+++ SOURCE DATA +++

lemma nn_integral_norm_eq_integral:
  fixes F :: "real \<Rightarrow> 'b::{banach, second_countable_topology}"
  assumes "integrable lborel F"
  shows "(\<integral>\<^sup>+a. ennreal (norm (F a)) \<partial>lborel) = ennreal (\<integral>a. norm (F a) \<partial>lborel)"
  using assms by (intro nn_integral_eq_integral integrable_norm) auto

lemma integrable_mult_bounded:
  fixes f g :: "real \<Rightarrow> complex"
  assumes g: "integrable lborel g" and [measurable]: "f \<in> borel_measurable borel"
    and f: "\<And>x. norm (f x) \<le> B"
  shows "integrable lborel (\<lambda>x. f x * g x)"
proof (rule Bochner_Integration.integrable_bound)
  show "integrable lborel (\<lambda>x. complex_of_real B * g x)"
    using g by simp
  show "(\<lambda>x. f x * g x) \<in> borel_measurable lborel"
    using g by auto
  have "0 \<le> B"
    using f[of 0] norm_ge_zero order.trans by blast
  then show "AE x in lborel. norm (f x * g x) \<le> norm (complex_of_real B * g x)"
    using f by (intro AE_I2) (auto simp: norm_mult intro!: mult_right_mono)
qed

lemma integrable_lborel_pair_mult:
  fixes f g :: "real \<Rightarrow> complex"
  assumes f: "integrable lborel f" and g: "integrable lborel g"
  shows "integrable (lborel \<Otimes>\<^sub>M lborel) (\<lambda>p. f (fst p) * g (snd p))"
proof (rule lborel_pair.Fubini_integrable)
  have [measurable]: "f \<in> borel_measurable borel" "g \<in> borel_measurable borel"
    using f g by auto
  show "(\<lambda>p. f (fst p) * g (snd p)) \<in> borel_measurable (lborel \<Otimes>\<^sub>M lborel)"
    by measurable
  show "integrable lborel (\<lambda>x. \<integral>y. norm (f (fst (x, y)) * g (snd (x, y))) \<partial>lborel)"
    using f by (simp add: norm_mult integrable_norm)
  show "AE x in lborel. integrable lborel (\<lambda>y. f (fst (x, y)) * g (snd (x, y)))"
    using g by simp
qed

lemma norm_ift_le: "norm (ift F x) \<le> inv_2pi * (\<integral>a. norm (F a) \<partial>lborel)"
proof -
  have "norm (LINT a|lborel. cis (x * a) * F a) \<le> (\<integral>a. norm (cis (x * a) * F a) \<partial>lborel)"
    by (rule integral_norm_bound)
  then show ?thesis
    by (simp add: ift_def norm_mult norm_divide divide_right_mono)
qed

lemma cnj_ift: "cnj (ift G x) = ift (\<lambda>b. cnj (G (- b))) x"
proof -
  have "cnj (LINT b|lborel. cis (x * b) * G b) = (LINT b|lborel. cnj (cis (x * b) * G b))"
    by (rule Bochner_Integration.integral_cnj[symmetric])
  also have "\<dots> = (LINT b|lborel. cis (- (x * b)) * cnj (G b))"
    by (simp add: cis_cnj)
  also have "\<dots> = (LINT b|lborel. cis (x * b) * cnj (G (- b)))"
    using lborel_integral_real_affine[of "-1" "\<lambda>b. cis (x * b) * cnj (G (- b))" 0] by simp
  finally show ?thesis
    by (simp add: ift_def)
qed

lemma ft_ift_mult:
  fixes F u :: "real \<Rightarrow> complex"
  assumes F: "integrable lborel F" and u: "integrable lborel u"
  shows "ft (\<lambda>x. ift F x * u x) \<xi> = complex_of_real inv_2pi * (\<integral>a. F a * ft u (\<xi> - a) \<partial>lborel)"
proof -
  have [measurable]: "F \<in> borel_measurable borel" "u \<in> borel_measurable borel"
    using F u by auto
  define h where "h x a = complex_of_real inv_2pi * (cis (- (x * (\<xi> - a))) * F a * u x)" for x a
  have h_integrable: "integrable (lborel \<Otimes>\<^sub>M lborel) (case_prod h)"
  proof (rule Bochner_Integration.integrable_bound)
    show "integrable (lborel \<Otimes>\<^sub>M lborel) (\<lambda>p. complex_of_real inv_2pi * (u (fst p) * F (snd p)))"
      using integrable_lborel_pair_mult[OF u F] by simp
    show "case_prod h \<in> borel_measurable (lborel \<Otimes>\<^sub>M lborel)"
      unfolding h_def by measurable
    show "AE p in lborel \<Otimes>\<^sub>M lborel. norm (case_prod h p) \<le> norm (complex_of_real inv_2pi * (u (fst p) * F (snd p)))"
      by (intro AE_I2) (auto simp: h_def norm_mult norm_divide mult.commute split: prod.splits)
  qed
  have "ft (\<lambda>x. ift F x * u x) \<xi> = (\<integral>x. (\<integral>a. h x a \<partial>lborel) \<partial>lborel)"
    unfolding ft_def ift_def h_def
    by (intro Bochner_Integration.integral_cong)
       (simp_all flip: integral_mult_right_zero integral_mult_left_zero add: cis_mult algebra_simps)
  also have "\<dots> = (\<integral>a. (\<integral>x. h x a \<partial>lborel) \<partial>lborel)"
    using lborel_pair.Fubini_integral[OF h_integrable] by simp
  also have "\<dots> = (\<integral>a. complex_of_real inv_2pi * (F a * ft u (\<xi> - a)) \<partial>lborel)"
    unfolding h_def ft_def
    by (intro Bochner_Integration.integral_cong)
       (simp_all flip: integral_mult_right_zero add: algebra_simps)
  finally show ?thesis
    by simp
qed

lemma ft_cnj_ift_mult:
  fixes G v :: "real \<Rightarrow> complex"
  assumes G: "integrable lborel G" and v: "integrable lborel v"
  shows "ft (\<lambda>x. cnj (ift G x) * v x) \<eta> = complex_of_real inv_2pi * (\<integral>b. cnj (G b) * ft v (\<eta> + b) \<partial>lborel)"
proof -
  have "integrable lborel (\<lambda>b. cnj (G (- b)))"
    using lborel_integrable_real_affine[of "\<lambda>b. cnj (G b)" "-1" 0] G by simp
  then have "ft (\<lambda>x. cnj (ift G x) * v x) \<eta>
      = complex_of_real inv_2pi * (\<integral>a. cnj (G (- a)) * ft v (\<eta> - a) \<partial>lborel)"
    unfolding cnj_ift by (rule ft_ift_mult[OF _ v])
  also have "(\<integral>a. cnj (G (- a)) * ft v (\<eta> - a) \<partial>lborel) = (\<integral>b. cnj (G b) * ft v (\<eta> + b) \<partial>lborel)"
    using lborel_integral_real_affine[of "-1" "\<lambda>a. cnj (G (- a)) * ft v (\<eta> - a)" 0] by simp
  finally show ?thesis .
qed

lemma ft_regularised_ift_cubic:
  fixes F G H :: "real \<Rightarrow> complex"
  assumes F: "integrable lborel F" and G: "integrable lborel G" and H: "integrable lborel H"
    and \<sigma>: "0 < \<sigma>"
  shows "ft (\<lambda>x. complex_of_real (gauss_window \<sigma> x) * ift_cubic F G H x) \<xi>
    = complex_of_real inv_2pi * (\<integral>c. H c * (complex_of_real inv_2pi * (\<integral>b. cnj (G b) *
        (complex_of_real inv_2pi * (\<integral>a. F a * complex_of_real (gauss_kernel \<sigma> (\<xi> - c + b - a)) \<partial>lborel))
        \<partial>lborel)) \<partial>lborel)"
proof -
  have [measurable]: "F \<in> borel_measurable borel" "G \<in> borel_measurable borel"
    using F G by auto
  define v where "v x = ift F x * complex_of_real (gauss_window \<sigma> x)" for x
  define u where "u x = cnj (ift G x) * v x" for x
  have window: "integrable lborel (\<lambda>x. complex_of_real (gauss_window \<sigma> x))"
    using gauss_window_integrable[OF \<sigma>] by simp
  have v_integrable: "integrable lborel v"
    unfolding v_def by (rule integrable_mult_bounded[OF window]) (auto intro: norm_ift_le)
  have u_integrable: "integrable lborel u"
    unfolding u_def by (rule integrable_mult_bounded[OF v_integrable]) (auto intro: norm_ift_le)
  have ft_v: "ft v \<zeta> = complex_of_real inv_2pi * (\<integral>a. F a * complex_of_real (gauss_kernel \<sigma> (\<zeta> - a)) \<partial>lborel)" for \<zeta>
    unfolding v_def using ft_ift_mult[OF F window, of \<zeta>] by (simp add: ft_gauss_window[OF \<sigma>])
  have ft_u: "ft u \<eta> = complex_of_real inv_2pi * (\<integral>b. cnj (G b) * ft v (\<eta> + b) \<partial>lborel)" for \<eta>
    unfolding u_def by (rule ft_cnj_ift_mult[OF G v_integrable])
  have "(\<lambda>x. complex_of_real (gauss_window \<sigma> x) * ift_cubic F G H x) = (\<lambda>x. ift H x * u x)"
    by (auto simp: u_def v_def ift_cubic_def fun_eq_iff)
  then show ?thesis
    using ft_ift_mult[OF H u_integrable, of \<xi>] by (simp add: ft_u ft_v)
qed

lemma ft_eq_0_if_not_integrable:
  assumes [measurable]: "f \<in> borel_measurable borel" and not_integrable: "\<not> integrable lborel f"
  shows "ft f \<xi> = 0"
proof -
  have "\<not> integrable lborel (\<lambda>x. cis (- (x * \<xi>)) * f x)"
  proof
    assume "integrable lborel (\<lambda>x. cis (- (x * \<xi>)) * f x)"
    then have "integrable lborel (\<lambda>x. cis (x * \<xi>) * (cis (- (x * \<xi>)) * f x))"
      by (rule integrable_mult_bounded) auto
    then show False
      using not_integrable by (simp add: cis_mult mult.assoc[symmetric])
  qed
  then show ?thesis
    unfolding ft_def by (rule not_integrable_integral_eq)
qed

lemma tendsto_ft_regularised:
  fixes f :: "real \<Rightarrow> complex"
  assumes f: "integrable lborel f"
  shows "(\<lambda>n. ft (\<lambda>x. complex_of_real (gauss_window (real n + 1) x) * f x) \<xi>) \<longlonglongrightarrow> ft f \<xi>"
  unfolding ft_def
proof (rule integral_dominated_convergence[where w="\<lambda>x. norm (f x)"])
  have [measurable]: "f \<in> borel_measurable borel"
    using f by auto
  show "(\<lambda>x. cis (- (x * \<xi>)) * f x) \<in> borel_measurable lborel"
    and "\<And>n. (\<lambda>x. cis (- (x * \<xi>)) * (complex_of_real (gauss_window (real n + 1) x) * f x)) \<in> borel_measurable lborel"
    by measurable
  show "integrable lborel (\<lambda>x. norm (f x))"
    using f by auto
  have "(\<lambda>n. cis (- (x * \<xi>)) * (complex_of_real (gauss_window (real n + 1) x) * f x))
      \<longlonglongrightarrow> cis (- (x * \<xi>)) * (complex_of_real 1 * f x)" for x
    by (intro tendsto_intros tendsto_gauss_window)
  then show "AE x in lborel. (\<lambda>n. cis (- (x * \<xi>)) * (complex_of_real (gauss_window (real n + 1) x) * f x))
      \<longlonglongrightarrow> cis (- (x * \<xi>)) * f x"
    by simp
  show "\<And>n. AE x in lborel. norm (cis (- (x * \<xi>)) * (complex_of_real (gauss_window (real n + 1) x) * f x)) \<le> norm (f x)"
    by (intro AE_I2) (auto simp: norm_mult gauss_window_nonneg gauss_window_le_1 intro!: mult_left_le_one_le)
qed

definition gauss_conv1 :: "(real \<Rightarrow> complex) \<Rightarrow> real \<Rightarrow> real \<Rightarrow> ennreal" where
  "gauss_conv1 F \<sigma> \<zeta> = (\<integral>\<^sup>+a. ennreal (norm (F a)) * ennreal (gauss_kernel \<sigma> (\<zeta> - a)) \<partial>lborel)"

definition gauss_conv2 :: "(real \<Rightarrow> complex) \<Rightarrow> (real \<Rightarrow> complex) \<Rightarrow> real \<Rightarrow> real \<Rightarrow> ennreal" where
  "gauss_conv2 F G \<sigma> \<eta> = (\<integral>\<^sup>+b. ennreal (norm (G b)) * gauss_conv1 F \<sigma> (\<eta> + b) \<partial>lborel)"

definition gauss_conv3 ::
    "(real \<Rightarrow> complex) \<Rightarrow> (real \<Rightarrow> complex) \<Rightarrow> (real \<Rightarrow> complex) \<Rightarrow> real \<Rightarrow> real \<Rightarrow> ennreal" where
  "gauss_conv3 F G H \<sigma> \<xi> = (\<integral>\<^sup>+c. ennreal (norm (H c)) * gauss_conv2 F G \<sigma> (\<xi> - c) \<partial>lborel)"

lemma gauss_conv1_measurable [measurable]:
  assumes [measurable]: "F \<in> borel_measurable borel"
  shows "gauss_conv1 F \<sigma> \<in> borel_measurable borel"
  unfolding gauss_conv1_def by measurable

lemma gauss_conv2_measurable [measurable]:
  assumes [measurable]: "F \<in> borel_measurable borel" "G \<in> borel_measurable borel"
  shows "gauss_conv2 F G \<sigma> \<in> borel_measurable borel"
  unfolding gauss_conv2_def by measurable

lemma gauss_conv3_measurable [measurable]:
  assumes [measurable]: "F \<in> borel_measurable borel" "G \<in> borel_measurable borel" "H \<in> borel_measurable borel"
  shows "gauss_conv3 F G H \<sigma> \<in> borel_measurable borel"
  unfolding gauss_conv3_def by measurable

lemma nn_integral_conv:
  fixes h Q :: "real \<Rightarrow> ennreal"
  assumes [measurable]: "h \<in> borel_measurable borel" "Q \<in> borel_measurable borel"
  shows "(\<integral>\<^sup>+\<xi>. (\<integral>\<^sup>+c. h c * Q (\<xi> + t * c) \<partial>lborel) \<partial>lborel)
    = (\<integral>\<^sup>+c. h c \<partial>lborel) * (\<integral>\<^sup>+y. Q y \<partial>lborel)"
proof -
  have shift: "(\<integral>\<^sup>+\<xi>. Q (\<xi> + u) \<partial>lborel) = (\<integral>\<^sup>+y. Q y \<partial>lborel)" for u
    using nn_integral_real_affine[of Q 1 u] by (simp add: add.commute)
  have "(\<integral>\<^sup>+\<xi>. (\<integral>\<^sup>+c. h c * Q (\<xi> + t * c) \<partial>lborel) \<partial>lborel)
      = (\<integral>\<^sup>+c. (\<integral>\<^sup>+\<xi>. h c * Q (\<xi> + t * c) \<partial>lborel) \<partial>lborel)"
    by (rule lborel_pair.Fubini') measurable
  also have "\<dots> = (\<integral>\<^sup>+c. h c * (\<integral>\<^sup>+y. Q y \<partial>lborel) \<partial>lborel)"
    by (simp add: nn_integral_cmult shift)
  also have "\<dots> = (\<integral>\<^sup>+c. h c \<partial>lborel) * (\<integral>\<^sup>+y. Q y \<partial>lborel)"
    by (rule nn_integral_multc) auto
  finally show ?thesis .
qed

+++

# WHAT YOU WILL DO
Show the lines above that include "dots".

# RESPONSE AREA
  also have "\<dots> = (LINT b|lborel. cis (- (x * b)) * cnj (G b))"
  also have "\<dots> = (LINT b|lborel. cis (x * b) * cnj (G (- b)))"
  also have "\<dots> = (\<integral>a. (\<integral>x. h x a \<partial>lborel) \<partial>lborel)"
  also have "\<dots> = (\<integral>a. complex_of_real inv_2pi * (F a * ft u (\<xi> - a)) \<partial>lborel)"
  also have "\<dots> = (\<integral>\<^sup>+c. h c * (\<integral>\<^sup>+y. Q y \<partial>lborel) \<partial>lborel)"
  also have "\<dots> = (\<integral>\<^sup>+c. h c \<partial>lborel) * (\<integral>\<^sup>+y. Q y \<partial>lborel)"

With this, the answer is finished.